Medical schools are justifiably sources of civic pride, in no small part because they are the wellspring of the high-quality health care enjoyed by the people whose taxes, tuition payments, and insurance premiums subsidize them. Medical schools have prospered for most of the past century because they had broad public support. And that support is needed now more than ever, as medical education attempts to adapt to significant changes in what students must learn to be good physicians in the 21st century.

This report is designed to enhance our understanding about the nature and extent of those changes. Its findings are both encouraging and unsettling. The good news is that many medical educators are implementing curricular changes that are responsive to the latest advances in biomedical science, to the social and policy sciences relevant to medical practice, to the burden of disease, to the organization and financing of health care, and to the changing demography of the American population.

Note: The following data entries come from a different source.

lemma inj_on_swapped_row: "inj_on (swapped_row s a b) (Pow {..<s})"
  by (rule inj_onI) (metis PowD top_columns_swapped_row)

lemma card_swapped_row:
  assumes "J \<subseteq> {..<s}"
  shows "card (swapped_row s a b J) = s"
proof -
  let ?f = "\<lambda>i. if i \<in> J then a!i else b!i"
  have "swapped_row s a b J = ?f ` {..<s}"
    unfolding swapped_row_def using assms by auto
  moreover have "inj_on ?f {..<s}"
  proof (rule inj_onI)
    fix i j assume "i \<in> {..<s}" "j \<in> {..<s}" and "?f i = ?f j"
    then show "i = j"
      using a_neq_b[of i j] a_neq_b[of j i] a_eq_iff[of i j] b_eq_iff[of i j]
      by (auto split: if_splits)
  qed
  ultimately show ?thesis
    using card_image[of ?f "{..<s}"] by simp
qed

lemma transversalE:
  assumes "transversal s a b x"
  obtains K where "K \<subseteq> {..<s}" "x = swapped_row s a b K"
  by (rule that[OF _ transversal_eq_swapped_row[OF assms]]) auto

lemma card_transversal: "transversal s a b x \<Longrightarrow> card x = s"
  by (metis transversalE card_swapped_row)

lemma transversal_subset_Omega: "transversal s a b x \<Longrightarrow> x \<subseteq> \<Omega>"
  using entries_subset unfolding transversal_def by blast

lemma transversal_if_card:
  assumes "x \<subseteq> \<Omega>" "card x = s" "\<forall>i<s. (a!i \<in> x) \<noteq> (b!i \<in> x)"
  shows "transversal s a b x"
proof -
  have "transversal s a b (x \<inter> entries)"
    unfolding transversal_def using assms(3) a_in_entries b_in_entries by auto
  then have "card (x \<inter> entries) = card x"
    using card_transversal assms(2) by simp
  then have "x \<inter> entries = x"
    using assms(1) finite_Omega by (metis card_subset_eq finite_subset inf_le1)
  then show ?thesis
    unfolding transversal_def using assms(3) by blast
qed

lemma polytabloid_eq:
  "polytabloid s a b x =
    (if transversal s a b x then (-1) ^ card {i. i < s \<and> a!i \<in> x} else 0)"
proof -
  have poly: "polytabloid s a b x =
      (\<Sum>J\<in>Pow {..<s}. if x = swapped_row s a b J then (-1) ^ card J else 0)"
    unfolding polytabloid_def swapped_row_def by simp
  show ?thesis
  proof (cases "transversal s a b x")
    case True
    define K where "K = {i. i < s \<and> a!i \<in> x}"
    have K: "K \<in> Pow {..<s}"
      unfolding K_def by auto
    have "x = swapped_row s a b J \<longleftrightarrow> J = K" if "J \<in> Pow {..<s}" for J
      using True transversal_eq_swapped_row top_columns_swapped_row that unfolding K_def
      by (metis PowD)
    then have "polytabloid s a b x = (\<Sum>J\<in>Pow {..<s}. if J = K then (-1) ^ card J else 0)"
      unfolding poly by (intro sum.cong) auto
    then show ?thesis
      using True K unfolding K_def by simp
  next
    case False
    then have "x \<noteq> swapped_row s a b J" if "J \<in> Pow {..<s}" for J
      using transversal_swapped_row that by blast
    then show ?thesis
      unfolding poly using False by simp
  qed
qed

lemma polytabloid_swapped_row: "J \<subseteq> {..<s} \<Longrightarrow> polytabloid s a b (swapped_row s a b J) = (-1) ^ card J"
  by (simp add: polytabloid_eq transversal_swapped_row top_columns_swapped_row)

lemma the_index_a: "i < s \<Longrightarrow> (THE j. j < s \<and> a!i = a!j) = i"
  using a_eq_iff by (intro the_equality) auto

lemma the_index_b: "i < s \<Longrightarrow> (THE j. j < s \<and> b!i = b!j) = i"
  using b_eq_iff by (intro the_equality) auto

lemma column_swap_a: "i < s \<Longrightarrow> column_swap s a b J (a!i) = (if i \<in> J then b!i else a!i)"
proof -
  assume i: "i < s"
  have "(\<exists>j<s. j \<in> J \<and> a!i = a!j) \<longleftrightarrow> i \<in> J" "\<not> (\<exists>j<s. j \<in> J \<and> a!i = b!j)"
    using a_eq_iff a_neq_b i by blast+
  then show ?thesis
    using the_index_a[OF i] by (auto simp: column_swap_def)
qed

lemma column_swap_b: "i < s \<Longrightarrow> column_swap s a b J (b!i) = (if i \<in> J then a!i else b!i)"
proof -
  assume i: "i < s"
  have "(\<exists>j<s. j \<in> J \<and> b!i = b!j) \<longleftrightarrow> i \<in> J" "\<not> (\<exists>j<s. j \<in> J \<and> b!i = a!j)"
    using b_eq_iff a_neq_b i by metis+
  then show ?thesis
    using the_index_b[OF i] by (auto simp: column_swap_def)
qed

lemma column_swap_other: "z \<notin> entries \<Longrightarrow> column_swap s a b J z = z"
  unfolding column_swap_def using a_in_entries b_in_entries by auto

lemma column_swap_involution: "column_swap s a b J (column_swap s a b J z) = z"
proof (cases "z \<in> entries")
  case True
  then show ?thesis
    by (cases rule: entries_cases) (auto simp: column_swap_a column_swap_b)
qed (simp add: column_swap_other)

lemma column_swap_in_entries_iff: "column_swap s a b J z \<in> entries \<longleftrightarrow> z \<in> entries"
proof (cases "z \<in> entries")
  case True
  then show ?thesis
    by (cases rule: entries_cases) (auto simp: column_swap_a column_swap_b length_a length_b)
qed (simp add: column_swap_other)

lemma column_swap_in_Omega_iff: "column_swap s a b J z \<in> \<Omega> \<longleftrightarrow> z \<in> \<Omega>"
  by (metis entries_subset subsetD column_swap_in_entries_iff column_swap_other)

lemma in_column_swap_image_iff: "w \<in> column_swap s a b J ` x \<longleftrightarrow> column_swap s a b J w \<in> x"
proof
  assume "w \<in> column_swap s a b J ` x"
  then show "column_swap s a b J w \<in> x"
    by (auto simp: column_swap_involution)
next
  assume "column_swap s a b J w \<in> x"
  then have "column_swap s a b J (column_swap s a b J w) \<in> column_swap s a b J ` x"
    by (rule imageI)
  then show "w \<in> column_swap s a b J ` x"
    by (simp add: column_swap_involution)
qed

lemma column_swap_image_subset_Omega_iff: "column_swap s a b J ` x \<subseteq> \<Omega> \<longleftrightarrow> x \<subseteq> \<Omega>"
  using column_swap_in_Omega_iff in_column_swap_image_iff by blast

lemma bij_column_swap: "bij (column_swap s a b J)"
  by (metis bijI' column_swap_involution)

lemma column_swap_permutes: "column_swap s a b J permutes \<Omega>"
  unfolding permutes_def
  by (metis column_swap_involution column_swap_other entries_subset subsetD)

lemma inv_column_swap: "inv (column_swap s a b J) = column_swap s a b J"
  by (metis inv_equality column_swap_involution)

lemma rho_column_swap: "rho (column_swap s a b J) \<phi> = (\<lambda>x. \<phi> (column_swap s a b J ` x))"
  unfolding rho_def inv_column_swap ..

lemma card_column_swap_image: "card (column_swap s a b J ` x) = card x"
  by (rule card_image[OF inj_on_subset[OF bij_is_inj[OF bij_column_swap] subset_UNIV]])

lemma a_in_column_swap_image_iff:
  "i < s \<Longrightarrow> a!i \<in> column_swap s a b J ` x \<longleftrightarrow> (if i \<in> J then b!i \<in> x else a!i \<in> x)"
  by (simp add: in_column_swap_image_iff column_swap_a)

lemma b_in_column_swap_image_iff:
  "i < s \<Longrightarrow> b!i \<in> column_swap s a b J ` x \<longleftrightarrow> (if i \<in> J then a!i \<in> x else b!i \<in> x)"
  by (simp add: in_column_swap_image_iff column_swap_b)

lemma transversal_column_swap_image:
  "transversal s a b (column_swap s a b J ` x) \<longleftrightarrow> transversal s a b x"
proof -
  have "column_swap s a b J ` x \<subseteq> entries \<longleftrightarrow> x \<subseteq> entries"
    using column_swap_in_entries_iff in_column_swap_image_iff by blast
  then show ?thesis
    unfolding transversal_def using a_in_column_swap_image_iff b_in_column_swap_image_iff
    by auto
qed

The unsettling news is that most contemporary curriculum reformers have not yet been able to make necessary changes in the second two years of medical education, when students receive their first intensive education in clinical practice. In the first of two essays that introduce this report, Michael Whitcomb, a senior vice president of the Association of American Medical Colleges, writes that this “lack of innovation . . . is almost certainly due to the fact that many members of the clinical faculty do not believe that changes are needed.” The author of the second introductory essay, Kenneth Ludmerer, agrees with this analysis, as do the authors of most of the case studies that follow the essays. Ludmerer, a professor of internal medicine and history at Washington University, worries that “the approaches described in the case studies are insufficient to prepare the nation’s medical students properly for the practice of medicine in the 21st century.”

We commend the report to persons who have formal responsibility for higher education as well as to medical educators. Members of university governing boards and leaders of the legislative and executive branches of state government should be aware of current achievements and limits of curriculum reform in medical schools and of their potential consequences for American health care.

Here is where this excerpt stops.